Cryopolymerization‐Enabled Superelastic and Thermomechanically Robust Silica‐Sheathing Nanofibrous Aerogels for Solar‐Thermal Regulatory Cooling

Abstract Aerogels show significant potential for subambient thermal regulation in energy‐efficient buildings and personal thermal management under intense sunlight and hot conditions owing to their unique combination of thermal superinsulation and solar scattering characteristics. However, traditional aerogels encounter challenges in balancing mechanical flexibility with high‐temperature stability. Herein, a straightforward and scalable cryopolymerization strategy is presented for preparing a superelastic and thermomechanically robust silica‐sheathing nanofibrous aerogel. During cryopolymerization, cryogenic conditions create an ice crystal‐constrained microenvironment with interwoven cellulose nanofibers and concentrated silicate monomers.

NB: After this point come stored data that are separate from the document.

(* The model recursion y_(n+1) = G (y_n) for a map G with h - G h = \<Theta>(h^2) on (0, r1), where
   r1 is so small that one step at most halves h: every orbit starting in (0, r1) stays there,
   so the quadratic decay result applies. *)
lemma normalised_orbit:
  fixes y :: "nat \<Rightarrow> real" and G :: "real \<Rightarrow> real"
  assumes a: "a > 0" and small: "3 * a / 4 * r1 \<le> 1/2"
    and disp: "\<And>h. 0 < h \<Longrightarrow> h < r1 \<Longrightarrow> a / 4 * h\<^sup>2 \<le> h - G h \<and> h - G h \<le> 3 * a / 4 * h\<^sup>2"
    and y1: "0 < y 1" "y 1 < r1" and orbit: "\<And>n. n \<ge> 1 \<Longrightarrow> y (Suc n) = G (y n)"
  shows "(\<forall>n\<ge>1. 0 < y n)
         \<and> (\<exists>A B. 0 < A \<and> A \<le> B \<and> (\<forall>n\<ge>1. A / real n \<le> y n \<and> y n \<le> B / real n))
         \<and> box_dim_eq {x0 + y n |n. n \<ge> 1} (1/2) \<and> minkowski_nondegenerate {x0 + y n |n. n \<ge> 1}"
proof -
  have small_h: "3 * a / 4 * h \<le> 1/2" if "h \<le> r1" for h
    using mult_left_mono[OF that, of "3 * a / 4"] a small by linarith
  have inv: "0 < y n \<and> y n < r1" if "n \<ge> 1" for n
    using that
  proof (induction n rule: dec_induct)
    case base
    then show ?case using y1 by simp
  next
    case (step n)
    have st: "a / 4 * (y n)\<^sup>2 \<le> y n - y (Suc n)" "y n - y (Suc n) \<le> 3 * a / 4 * (y n)\<^sup>2"
      using disp[of "y n"] orbit[OF \<open>n \<ge> 1\<close>] step.IH by auto
    have "3 * a / 4 * (y n)\<^sup>2 \<le> 1/2 * y n"
      using small_h[of "y n"] step.IH by (simp add: power2_eq_square mult_right_mono)
    moreover have "0 \<le> a / 4 * (y n)\<^sup>2" using a by simp
    ultimately show ?case using st step.IH by linarith
  qed
  have rec: "a / 4 * (y n)\<^sup>2 \<le> y n - y (Suc n) \<and> y n - y (Suc n) \<le> 3 * a / 4 * (y n)\<^sup>2"
    if "n \<ge> 1" for n
    using disp[of "y n"] orbit[OF that] inv[OF that] by simp
  have small_y: "3 * a / 4 * y n \<le> 1/2" if "n \<ge> 1" for n
    using small_h[of "y n"] inv[OF that] by simp
  have "a / 4 > 0" using a by simp
  from quadratic_decay_orbit[of "a / 4" y "3 * a / 4" x0, OF this y1(1) rec small_y]
  show ?thesis using inv by blast
qed

lemma one_sided_orbit:
  fixes F :: "real \<Rightarrow> real"
  assumes s: "\<bar>s\<bar> = 1" and r: "r > 0" and C: "C_k_on 2 {x0 - r<..<x0 + r} F"
    and F0: "F x0 = x0" and F1: "deriv F x0 = 1" and sg: "s * deriv (deriv F) x0 < 0"
  shows "\<exists>r1>0. \<forall>x1\<in>{x1. 0 < s * (x1 - x0) \<and> s * (x1 - x0) < r1}. \<forall>x :: nat \<Rightarrow> real.
           x 1 = x1 \<and> (\<forall>n\<ge>1. x (Suc n) = F (x n)) \<longrightarrow>
           comparable_seq (\<lambda>n. \<bar>x n - x0\<bar>) (\<lambda>n. 1 / real n)
           \<and> box_dim_eq {x n | n. n \<ge> 1} (1/2) \<and> minkowski_nondegenerate {x n | n. n \<ge> 1}"
proof -
  define a where "a = \<bar>deriv (deriv F) x0\<bar>"
  have a: "a > 0" using sg by (auto simp: a_def)
  obtain r1 where r1: "r1 > 0" and small: "3 * a / 4 * r1 \<le> 1/2"
    and disp: "\<And>h. 0 < h \<Longrightarrow> h < r1 \<Longrightarrow> a / 4 * h\<^sup>2 \<le> h - s * (F (x0 + s * h) - x0)
                                          \<and> h - s * (F (x0 + s * h) - x0) \<le> 3 * a / 4 * h\<^sup>2"
    using parabolic_displacement[OF s r C F0 F1 sg] unfolding a_def by blast
  have ss: "s * s = 1" using abs_mult_self_eq[of s] s by simp
  show ?thesis
  proof (rule exI[of _ r1], intro conjI[OF r1] ballI allI impI, elim conjE)
    fix x1 and x :: "nat \<Rightarrow> real"
    assume start: "x1 \<in> {x1. 0 < s * (x1 - x0) \<and> s * (x1 - x0) < r1}" "x 1 = x1"
      and orbit: "\<forall>n\<ge>1. x (Suc n) = F (x n)"
    define y where "y n = s * (x n - x0)" for n
    have y1: "0 < y 1" "y 1 < r1" using start by (auto simp: y_def)
    have x_eq: "x n = x0 + s * y n" for n
      using ss by (simp add: y_def mult.assoc[symmetric])
    have y_orbit: "y (Suc n) = s * (F (x0 + s * y n) - x0)" if "n \<ge> 1" for n
      unfolding y_def[of "Suc n"] using orbit that x_eq[of n] by simp
    obtain pos: "\<forall>n\<ge>1. 0 < y n"
      and bounds: "\<exists>A B. 0 < A \<and> A \<le> B \<and> (\<forall>n\<ge>1. A / real n \<le> y n \<and> y n \<le> B / real n)"
      and dim: "box_dim_eq {x0 + y n |n. n \<ge> 1} (1/2)" "minkowski_nondegenerate {x0 + y n |n. n \<ge> 1}"
      using normalised_orbit[OF a small disp y1 y_orbit, of x0] by blast
    have "\<bar>x n - x0\<bar> = y n" if "n \<ge> 1" for n
      using pos[rule_format, OF that] x_eq[of n] s by (simp add: abs_mult)
    then have comparable: "comparable_seq (\<lambda>n. \<bar>x n - x0\<bar>) (\<lambda>n. 1 / real n)"
      using bounds by (auto intro: comparable_seq_reciprocal)
    have orbit_set: "{x n | n. n \<ge> 1} = (\<lambda>t. x0 + s * (t - x0)) ` {x0 + y n |n. n \<ge> 1}"
    proof (intro set_eqI iffI)
      fix z assume "z \<in> {x n | n. n \<ge> 1}"
      then obtain n where "n \<ge> 1" "z = x n" by blast
      then show "z \<in> (\<lambda>t. x0 + s * (t - x0)) ` {x0 + y n |n. n \<ge> 1}"
        using x_eq by (intro image_eqI[of _ _ "x0 + y n"]) auto
    qed (auto simp: x_eq)
    have "box_dim_eq ((\<lambda>t. x0 + s * (t - x0)) ` {x0 + y n |n. n \<ge> 1}) (1/2)
             \<and> minkowski_nondegenerate ((\<lambda>t. x0 + s * (t - x0)) ` {x0 + y n |n. n \<ge> 1})"
      using s dim by (rule unit_scaling_dimension)
    then show "comparable_seq (\<lambda>n. \<bar>x n - x0\<bar>) (\<lambda>n. 1 / real n)
           \<and> box_dim_eq {x n | n. n \<ge> 1} (1/2) \<and> minkowski_nondegenerate {x n | n. n \<ge> 1}"
      using comparable orbit_set by simp
  qed
qed

theorem theorem3:
  fixes F :: "real \<Rightarrow> real" and x0 r :: real
  assumes "r > 0"
    and "C_k_on 3 {x0 - r<..<x0 + r} F"
    and "F x0 = x0"
    and "deriv F x0 = 1"
  shows "(deriv (deriv F) x0 < 0 \<longrightarrow>
           (\<exists>r1>0. \<forall>x1\<in>{x0<..<x0 + r1}. \<forall>x :: nat \<Rightarrow> real.
              x 1 = x1 \<and> (\<forall>n\<ge>1. x (Suc n) = F (x n)) \<longrightarrow>
              comparable_seq (\<lambda>n. \<bar>x n - x0\<bar>) (\<lambda>n. 1 / real n)
              \<and> box_dim_eq {x n | n. n \<ge> 1} (1/2)
              \<and> minkowski_nondegenerate {x n | n. n \<ge> 1}))
       \<and> (deriv (deriv F) x0 > 0 \<longrightarrow>
           (\<exists>r1>0. \<forall>x1\<in>{x0 - r1<..<x0}. \<forall>x :: nat \<Rightarrow> real.
              x 1 = x1 \<and> (\<forall>n\<ge>1. x (Suc n) = F (x n)) \<longrightarrow>
              comparable_seq (\<lambda>n. \<bar>x n - x0\<bar>) (\<lambda>n. 1 / real n)
              \<and> box_dim_eq {x n | n. n \<ge> 1} (1/2)
              \<and> minkowski_nondegenerate {x n | n. n \<ge> 1}))"
proof -
  have C2: "C_k_on 2 {x0 - r<..<x0 + r} F"
    using C_k_on_Suc_imp[of 2] assms(2) by (simp add: numeral_3_eq_3 numeral_2_eq_2)
  have right: "{x1. 0 < x1 - x0 \<and> x1 - x0 < r1} = {x0<..<x0 + r1}"
    and left: "{x1. 0 < - (x1 - x0) \<and> - (x1 - x0) < r1} = {x0 - r1<..<x0}" for r1 :: real
    by auto
  show ?thesis
    using one_sided_orbit[OF abs_one assms(1) C2 assms(3,4), unfolded mult_1 right]
      one_sided_orbit[OF abs_neg_one assms(1) C2 assms(3,4),
        unfolded mult_minus1 neg_less_0_iff_less left]
    by blast
qed

end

This confined microenvironment promotes the in situ condensation polymerization of high‐concentration silicates into porous silica nanoclusters predominantly on the nanofiber surfaces, resulting in an aerogel composed of bacterial nanocellulose cores encapsulated by silica sheaths. These aerogels demonstrate remarkable mechanical elasticity and thermal superinsulation, maintaining high stability even after prolonged exposure to calcination at 800 °C and direct exposure to 1200 °C butane flames. By precisely modulating sunlight and mid‐infrared light, these aerogels achieve a high solar reflectivity of 96.2% and an atmospheric window emissivity of 97.5% in extremely hot environments. Consequently, these parasitic‐heat‐insulating aerogels serve as energy‐efficient solar‐thermal regulatory cooling materials, achieving a notable temperature reduction of 11.4 °C for subambient environments under intense sunlight exposure and hot conditions.